_What to work on:_
Scan the entries for lines with the word "auto", then copy those lines.

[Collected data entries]
lemma nn_integral_weighted_norm_sum_degree_components:
  assumes "finite L"
  shows "(\<integral>\<^sup>+\<omega>. \<integral>\<^sup>+p. ennreal (sphere_weight p * (cmod (\<Sum>l\<in>L. d l * degree_component a l p \<omega>))\<^sup>2) \<partial>(lborel \<Otimes>\<^sub>M lborel) \<partial>M)
       = ennreal (\<Sum>l\<in>L. (cmod (d l))\<^sup>2 * C l * (2 * real l + 1))"
proof -
  define I where "I = Sigma L (\<lambda>l. {- int l..int l})"
  define w where "w i = (cmod (d (fst i)))\<^sup>2 * C (fst i)" for i :: "nat \<times> int"
  have w_nonneg: "0 \<le> w i" for i
    unfolding w_def using spectrum_nonneg by simp
  interpret pair_sigma_finite "lborel \<Otimes>\<^sub>M lborel" M
    unfolding pair_sigma_finite_def
    using lborel_pair.P.sigma_finite_measure_axioms prob_space_imp_sigma_finite[OF prob_space_axioms] by blast
  have "(\<integral>\<^sup>+\<omega>. \<integral>\<^sup>+p. ennreal (sphere_weight p * (cmod (\<Sum>l\<in>L. d l * degree_component a l p \<omega>))\<^sup>2) \<partial>(lborel \<Otimes>\<^sub>M lborel) \<partial>M)
      = (\<integral>\<^sup>+p. \<integral>\<^sup>+\<omega>. ennreal (sphere_weight p * (cmod (\<Sum>l\<in>L. d l * degree_component a l p \<omega>))\<^sup>2) \<partial>M \<partial>(lborel \<Otimes>\<^sub>M lborel))"
    by (intro Fubini') (unfold case_prod_beta' degree_component_def, measurable)
  also have "\<dots> = (\<integral>\<^sup>+p. (\<Sum>i\<in>I. ennreal (w i) *
      ennreal (sphere_weight p * (cmod (sph_harm_at (fst i) (snd i) p))\<^sup>2)) \<partial>(lborel \<Otimes>\<^sub>M lborel))"
  proof (intro nn_integral_cong)
    fix p
    have "sphere_weight p * (\<Sum>(l, m)\<in>I. (cmod (d l * sph_harm_at l m p))\<^sup>2 * C l)
        = (\<Sum>i\<in>I. w i * (sphere_weight p * (cmod (sph_harm_at (fst i) (snd i) p))\<^sup>2))"
      by (simp add: w_def sum_distrib_left case_prod_beta norm_mult power_mult_distrib algebra_simps)
    also have "ennreal \<dots> = (\<Sum>i\<in>I. ennreal (w i) *
        ennreal (sphere_weight p * (cmod (sph_harm_at (fst i) (snd i) p))\<^sup>2))"
      using w_nonneg sphere_weight_nonneg[of p] by (simp add: ennreal_mult flip: sum_ennreal)
    finally show "(\<integral>\<^sup>+\<omega>. ennreal (sphere_weight p * (cmod (\<Sum>l\<in>L. d l * degree_component a l p \<omega>))\<^sup>2) \<partial>M) = \<dots>"
      unfolding nn_integral_coeffs_weighted_norm_sum_degree_components[OF assms] I_def[symmetric] .
  qed
  also have "\<dots> = (\<Sum>i\<in>I. ennreal (w i) *
      (\<integral>\<^sup>+p. ennreal (sphere_weight p * (cmod (sph_harm_at (fst i) (snd i) p))\<^sup>2) \<partial>(lborel \<Otimes>\<^sub>M lborel)))"
    by (subst nn_integral_sum) (auto intro!: sum.cong nn_integral_cmult)
  also have "\<dots> = (\<Sum>i\<in>I. ennreal (w i))"
    by (intro sum.cong) (auto simp: I_def nn_integral_sphere_weight_norm_sph_harm_square)
  also have "\<dots> = ennreal (\<Sum>l\<in>L. \<Sum>m\<in>{- int l..int l}. w (l, m))"
    using w_nonneg assms unfolding I_def by (simp add: sum_ennreal sum.Sigma)
  also have "(\<Sum>l\<in>L. \<Sum>m\<in>{- int l..int l}. w (l, m)) = (\<Sum>l\<in>L. (cmod (d l))\<^sup>2 * C l * (2 * real l + 1))"
  proof (intro sum.cong refl)
    fix l
    have "card {- int l..int l} = 2 * l + 1"
      by simp
    then show "(\<Sum>m\<in>{- int l..int l}. w (l, m)) = (cmod (d l))\<^sup>2 * C l * (2 * real l + 1)"
      by (simp add: w_def)
  qed
  finally show ?thesis .
qed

_Completed task:_
    by (subst nn_integral_sum) (auto intro!: sum.cong nn_integral_cmult)
    by (intro sum.cong) (auto simp: I_def nn_integral_sphere_weight_norm_sph_harm_square)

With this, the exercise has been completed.